**Assigned task:** Only certain lines below are wanted: those starting at the line containing "x (Suc (Suc" and ending at the line containing "define ws where", both included, each retyped exactly.

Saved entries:
------

(* Every simple graph $G$ satisfies $\zeta(G)\leqslant \chi_a(G)$.
   Context: All graphs are finite and simple. A broken cycle in $G$ is a subgraph $C-e$, where $C$ is a cycle of $G$ and $e$ is an edge of $C$. An edge coloring of $G$ is strongly woody if no broken cycle is monochromatic. The strong arboricity $\zeta(G)$ is the least number of colors in a strongly woody edge coloring of $G$. The acyclic chromatic number $\chi_a(G)$ is the least number of colors in a proper vertex coloring of $G$ in which no cycle receives only two colors. *)

theory Defs
  imports Main
begin

definition simple_graph :: "'a set \<Rightarrow> 'a set set \<Rightarrow> bool" where
  "simple_graph V E \<longleftrightarrow> finite V \<and>
     (\<forall>e\<in>E. \<exists>u v. u \<noteq> v \<and> u \<in> V \<and> v \<in> V \<and> e = {u, v})"

definition is_cycle :: "'a set set \<Rightarrow> 'a list \<Rightarrow> bool" where
  "is_cycle E vs \<longleftrightarrow> length vs \<ge> 3 \<and> distinct vs \<and>
     (\<forall>i < length vs. {vs ! i, vs ! ((i + 1) mod length vs)} \<in> E)"

definition cycle_edges :: "'a list \<Rightarrow> 'a set set" where
  "cycle_edges vs = {{vs ! i, vs ! ((i + 1) mod length vs)} | i. i < length vs}"

definition strongly_woody :: "'a set set \<Rightarrow> ('a set \<Rightarrow> nat) \<Rightarrow> bool" where
  "strongly_woody E c \<longleftrightarrow>
     (\<forall>vs e. is_cycle E vs \<and> e \<in> cycle_edges vs \<longrightarrow>
        \<not> (\<exists>col. \<forall>f \<in> cycle_edges vs - {e}. c f = col))"

definition strong_arboricity :: "'a set \<Rightarrow> 'a set set \<Rightarrow> nat" where
  "strong_arboricity V E =
     (LEAST k. \<exists>c :: 'a set \<Rightarrow> nat. (\<forall>e\<in>E. c e < k) \<and> strongly_woody E c)"

definition acyclic_coloring :: "'a set \<Rightarrow> 'a set set \<Rightarrow> ('a \<Rightarrow> nat) \<Rightarrow> nat \<Rightarrow> bool" where
  "acyclic_coloring V E c k \<longleftrightarrow>
     (\<forall>v\<in>V. c v < k) \<and>
     (\<forall>u v. {u, v} \<in> E \<longrightarrow> c u \<noteq> c v) \<and>
     (\<forall>vs. is_cycle E vs \<longrightarrow> card (c ` set vs) > 2)"

definition acyclic_chromatic_number :: "'a set \<Rightarrow> 'a set set \<Rightarrow> nat" where
  "acyclic_chromatic_number V E = (LEAST k. \<exists>c. acyclic_coloring V E c k)"

end

theory Submission
  imports Defs "HOL-Number_Theory.Cong"
begin

text \<open>Given an acyclic vertex colouring \<open>c\<close> with \<open>k\<close> colours, colour each edge \<open>{u, v}\<close> by
  \<open>(c u + c v) mod k\<close>. Along a monochromatic path \<open>w0, w1, w2, ...\<close> the congruences
  \<open>c wt + c w(t+1) = c w(t+1) + c w(t+2) (mod k)\<close> force \<open>c wt = c w(t+2)\<close>, as all colours are
  below \<open>k\<close>; so the path uses only two vertex colours. A monochromatic broken cycle is such a
  path through all vertices of its cycle, which would then be 2-coloured, contradicting
  acyclicity.\<close>

lemma alternating_if_adjacent_sums_cong:
  fixes x :: "nat \<Rightarrow> nat"
  assumes sums: "\<And>t. Suc t < n \<Longrightarrow> (x t + x (Suc t)) mod k = s"
    and bounded: "\<And>t. t < n \<Longrightarrow> x t < k"
    and "t < n"
  shows "x t = x (t mod 2)"
  using \<open>t < n\<close>
proof (induction t rule: less_induct)
  case (less t)
  show ?case
  proof (cases "t < 2")
    case True
    then show ?thesis by simp
  next
    case False
    then obtain u where t: "t = Suc (Suc u)"
      by (metis add_2_eq_Suc le_add_diff_inverse not_less)
    have "[x u + x (Suc u) = x (Suc (Suc u)) + x (Suc u)] (mod k)"
      using sums[of u] sums[of "Suc u"] less.prems t by (simp add: cong_def add.commute)
    then have "[x u = x t] (mod k)"
      using t by (simp only: cong_add_rcancel_nat)
    then have "x u = x t"
      using bounded less.prems t by (simp add: cong_def)
    then show ?thesis
      using less.IH[of u] less.prems t by simp
  qed
qed

lemma path_edge_ne_closing_edge:
  assumes "distinct ws" "length ws \<ge> 3" "Suc t < length ws"
  shows "{ws ! t, ws ! Suc t} \<noteq> {ws ! (length ws - 1), ws ! 0}"
proof
  have index_eq: "ws ! i = ws ! j \<longleftrightarrow> i = j" if "i < length ws" "j < length ws" for i j
    using assms(1) that by (rule nth_eq_iff_index_eq)
  assume "{ws ! t, ws ! Suc t} = {ws ! (length ws - 1), ws ! 0}"
  then have "ws ! t = ws ! 0 \<and> ws ! Suc t = ws ! (length ws - 1)
      \<or> ws ! t = ws ! (length ws - 1) \<and> ws ! Suc t = ws ! 0"
    by (auto simp: doubleton_eq_iff)
  then show False
    using assms(2,3) index_eq[of t 0] index_eq[of "Suc t" "length ws - 1"]
      index_eq[of t "length ws - 1"] index_eq[of "Suc t" 0]
    by linarith
qed

text \<open>Rotating the cycle so that it starts right after the removed edge turns the broken cycle
  into a path along the list.\<close>

lemma broken_cycle_path:
  assumes cycle: "is_cycle E vs" and "e \<in> cycle_edges vs"
  obtains ws where "distinct ws" "set ws = set vs" "length ws = length vs"
    "\<And>t. Suc t < length ws \<Longrightarrow> {ws ! t, ws ! Suc t} \<in> cycle_edges vs - {e}"
proof -
  let ?n = "length vs"
  obtain j where j: "j < ?n" "e = {vs ! j, vs ! (Suc j mod ?n)}"
    using \<open>e \<in> cycle_edges vs\<close> by (auto simp: cycle_edges_def)
  have n: "?n \<ge> 3" "distinct vs"
    using cycle by (auto simp: is_cycle_def)
  define ws where "ws = rotate (Suc j) vs"
  have ws: "distinct ws" "set ws = set vs" "length ws = ?n"
    using n by (simp_all add: ws_def)
  have ws_nth: "ws ! t = vs ! ((Suc j + t) mod ?n)" if "t < ?n" for t
    unfolding ws_def using that by (rule nth_rotate)
  have "Suc j + (?n - 1) = j + ?n"
    using n by simp
  then have "ws ! (?n - 1) = vs ! j"
    using n j by (simp add: ws_nth)
  moreover have "ws ! 0 = vs ! (Suc j mod ?n)"
    using ws_nth[of 0] n by (simp del: length_greater_0_conv)
  ultimately have e_closing: "e = {ws ! (length ws - 1), ws ! 0}"
    using j ws(3) by (simp add: insert_commute)
  have "{ws ! t, ws ! Suc t} \<in> cycle_edges vs - {e}" if t: "Suc t < length ws" for t
  proof -
    let ?i = "(Suc j + t) mod ?n"
    have "ws ! Suc t = vs ! (Suc ?i mod ?n)"
      using t ws(3) by (simp add: ws_nth mod_Suc_eq)
    then have "{ws ! t, ws ! Suc t} = {vs ! ?i, vs ! (Suc ?i mod ?n)}"
      using t ws(3) by (simp add: ws_nth)
    moreover have "?i < ?n"
      using n(1) by (intro mod_less_divisor) linarith
    ultimately have "{ws ! t, ws ! Suc t} \<in> cycle_edges vs"
      unfolding cycle_edges_def by auto
    moreover have "{ws ! t, ws ! Suc t} \<noteq> e"
      unfolding e_closing using path_edge_ne_closing_edge[OF ws(1) _ t] n ws(3) by simp
    ultimately show ?thesis
      by simp
  qed
  with ws that show ?thesis
    by blast
qed

lemma cycle_vertices_subset:
  assumes "simple_graph V E" "is_cycle E vs"
  shows "set vs \<subseteq> V"
proof
  fix v
  assume "v \<in> set vs"
  then obtain i where i: "i < length vs" "v = vs ! i"
    by (auto simp: in_set_conv_nth)
  then have "{v, vs ! (Suc i mod length vs)} \<in> E"
    using assms(2) by (simp add: is_cycle_def)
  then show "v \<in> V"
    using assms(1) by (auto simp: simple_graph_def doubleton_eq_iff)
qed

lemma strongly_woody_sum_mod_acyclic_coloring:
  assumes graph: "simple_graph V E" and acyclic: "acyclic_coloring V E c k"
  shows "strongly_woody E (\<lambda>e. (\<Sum>x\<in>e. c x) mod k)"
  unfolding strongly_woody_def
proof (intro allI impI notI)
  fix vs e
  assume "is_cycle E vs \<and> e \<in> cycle_edges vs"
  then have cycle: "is_cycle E vs" and "e \<in> cycle_edges vs" by simp_all
  assume "\<exists>s. \<forall>f \<in> cycle_edges vs - {e}. (\<Sum>x\<in>f. c x) mod k = s"
  then obtain s where mono: "\<And>f. f \<in> cycle_edges vs - {e} \<Longrightarrow> (\<Sum>x\<in>f. c x) mod k = s"
    by blast
  obtain ws where ws: "distinct ws" "set ws = set vs" "length ws = length vs"
    and path: "\<And>t. Suc t < length ws \<Longrightarrow> {ws ! t, ws ! Suc t} \<in> cycle_edges vs - {e}"
    using broken_cycle_path[OF cycle \<open>e \<in> cycle_edges vs\<close>] by blast
  have bounded: "c (ws ! t) < k" if "t < length ws" for t
  proof -
    have "ws ! t \<in> V"
      using that ws(2) cycle_vertices_subset[OF graph cycle] nth_mem by blast
    then show ?thesis
      using acyclic by (simp add: acyclic_coloring_def)
  qed
  have sums: "(c (ws ! t) + c (ws ! Suc t)) mod k = s" if "Suc t < length ws" for t
  proof -
    have "ws ! t \<noteq> ws ! Suc t"
      using that ws(1) by (simp add: nth_eq_iff_index_eq)
    then show ?thesis
      using mono[OF path[OF that]] by simp
  qed
  have "c ` set vs \<subseteq> {c (ws ! 0), c (ws ! 1)}"
  proof
    fix y
    assume "y \<in> c ` set vs"
    then obtain t where t: "t < length ws" "y = c (ws ! t)"
      using ws(2) by (metis imageE in_set_conv_nth)
    then have "y = c (ws ! (t mod 2))"
      using alternating_if_adjacent_sums_cong[where x = "\<lambda>t. c (ws ! t)", OF sums bounded t(1)]
      by simp
    then show "y \<in> {c (ws ! 0), c (ws ! 1)}"
      by (cases "even t") (simp_all add: even_iff_mod_2_eq_zero odd_iff_mod_2_eq_one)
  qed
  then have "card (c ` set vs) \<le> card {c (ws ! 0), c (ws ! 1)}"
    by (simp add: card_mono)
  also have "\<dots> \<le> 2"
    by (simp add: card_insert_if)
  finally have "card (c ` set vs) \<le> 2" .
  moreover have "card (c ` set vs) > 2"
    using acyclic cycle by (simp add: acyclic_coloring_def)
  ultimately show False by simp
qed

lemma strong_arboricity_le_acyclic_coloring:
  assumes graph: "simple_graph V E" and acyclic: "acyclic_coloring V E c k"
  shows "strong_arboricity V E \<le> k"
proof -
  have bounded: "(\<Sum>x\<in>e. c x) mod k < k" if "e \<in> E" for e
  proof -
    obtain v where "v \<in> V"
      using graph \<open>e \<in> E\<close> unfolding simple_graph_def by blast
    then have "k > 0"
      using acyclic by (auto simp: acyclic_coloring_def)
    then show ?thesis
      by simp
  qed
  show ?thesis
    unfolding strong_arboricity_def
  proof (rule Least_le, intro exI conjI)
    show "\<forall>e\<in>E. (\<Sum>x\<in>e. c x) mod k < k"
      using bounded by blast
    show "strongly_woody E (\<lambda>e. (\<Sum>x\<in>e. c x) mod k)"
      using graph acyclic by (rule strongly_woody_sum_mod_acyclic_coloring)
  qed
qed

lemma ex_acyclic_coloring_card:
  assumes graph: "simple_graph V E"
  shows "\<exists>c. acyclic_coloring V E c (card V)"
proof -
  obtain h where h: "bij_betw h V {0..<card V}"
    using graph ex_bij_betw_finite_nat by (auto simp: simple_graph_def)
  have "h v < card V" if "v \<in> V" for v
    using h that by (auto simp: bij_betw_def)
  moreover have "h u \<noteq> h v" if "{u, v} \<in> E" for u v
  proof -
    have "u \<in> V" "v \<in> V" "u \<noteq> v"
      using graph that by (auto simp: simple_graph_def doubleton_eq_iff)
    then show ?thesis
      using h by (auto simp: bij_betw_def inj_on_def)
  qed
  moreover have "card (h ` set vs) > 2" if cycle: "is_cycle E vs" for vs
  proof -
    have "inj_on h (set vs)"
      using h cycle_vertices_subset[OF graph cycle] by (auto simp: bij_betw_def intro: inj_on_subset)
    then show ?thesis
      using cycle by (simp add: is_cycle_def card_image distinct_card)
  qed
  ultimately show ?thesis
    unfolding acyclic_coloring_def by blast
qed

theorem mainTheorem1:
  fixes V :: "'a set" and E :: "'a set set"
  assumes "simple_graph V E"
  shows "strong_arboricity V E \<le> acyclic_chromatic_number V E"
proof -
  obtain c where "acyclic_coloring V E c (acyclic_chromatic_number V E)"
    using LeastI_ex[of "\<lambda>k. \<exists>c. acyclic_coloring V E c k"] ex_acyclic_coloring_card[OF assms]
    unfolding acyclic_chromatic_number_def by blast
  with assms show ?thesis
    by (rule strong_arboricity_le_acyclic_coloring)
qed

end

------

**Solved exercise:**
    have "[x u + x (Suc u) = x (Suc (Suc u)) + x (Suc u)] (mod k)"
      using sums[of u] sums[of "Suc u"] less.prems t by (simp add: cong_def add.commute)
    then have "[x u = x t] (mod k)"
      using t by (simp only: cong_add_rcancel_nat)
    then have "x u = x t"
      using bounded less.prems t by (simp add: cong_def)
    then show ?thesis
      using less.IH[of u] less.prems t by simp
  qed
qed

lemma path_edge_ne_closing_edge:
  assumes "distinct ws" "length ws \<ge> 3" "Suc t < length ws"
  shows "{ws ! t, ws ! Suc t} \<noteq> {ws ! (length ws - 1), ws ! 0}"
proof
  have index_eq: "ws ! i = ws ! j \<longleftrightarrow> i = j" if "i < length ws" "j < length ws" for i j
    using assms(1) that by (rule nth_eq_iff_index_eq)
  assume "{ws ! t, ws ! Suc t} = {ws ! (length ws - 1), ws ! 0}"
  then have "ws ! t = ws ! 0 \<and> ws ! Suc t = ws ! (length ws - 1)
      \<or> ws ! t = ws ! (length ws - 1) \<and> ws ! Suc t = ws ! 0"
    by (auto simp: doubleton_eq_iff)
  then show False
    using assms(2,3) index_eq[of t 0] index_eq[of "Suc t" "length ws - 1"]
      index_eq[of t "length ws - 1"] index_eq[of "Suc t" 0]
    by linarith
qed

text \<open>Rotating the cycle so that it starts right after the removed edge turns the broken cycle
  into a path along the list.\<close>

lemma broken_cycle_path:
  assumes cycle: "is_cycle E vs" and "e \<in> cycle_edges vs"
  obtains ws where "distinct ws" "set ws = set vs" "length ws = length vs"
    "\<And>t. Suc t < length ws \<Longrightarrow> {ws ! t, ws ! Suc t} \<in> cycle_edges vs - {e}"
proof -
  let ?n = "length vs"
  obtain j where j: "j < ?n" "e = {vs ! j, vs ! (Suc j mod ?n)}"
    using \<open>e \<in> cycle_edges vs\<close> by (auto simp: cycle_edges_def)
  have n: "?n \<ge> 3" "distinct vs"
    using cycle by (auto simp: is_cycle_def)
  define ws where "ws = rotate (Suc j) vs"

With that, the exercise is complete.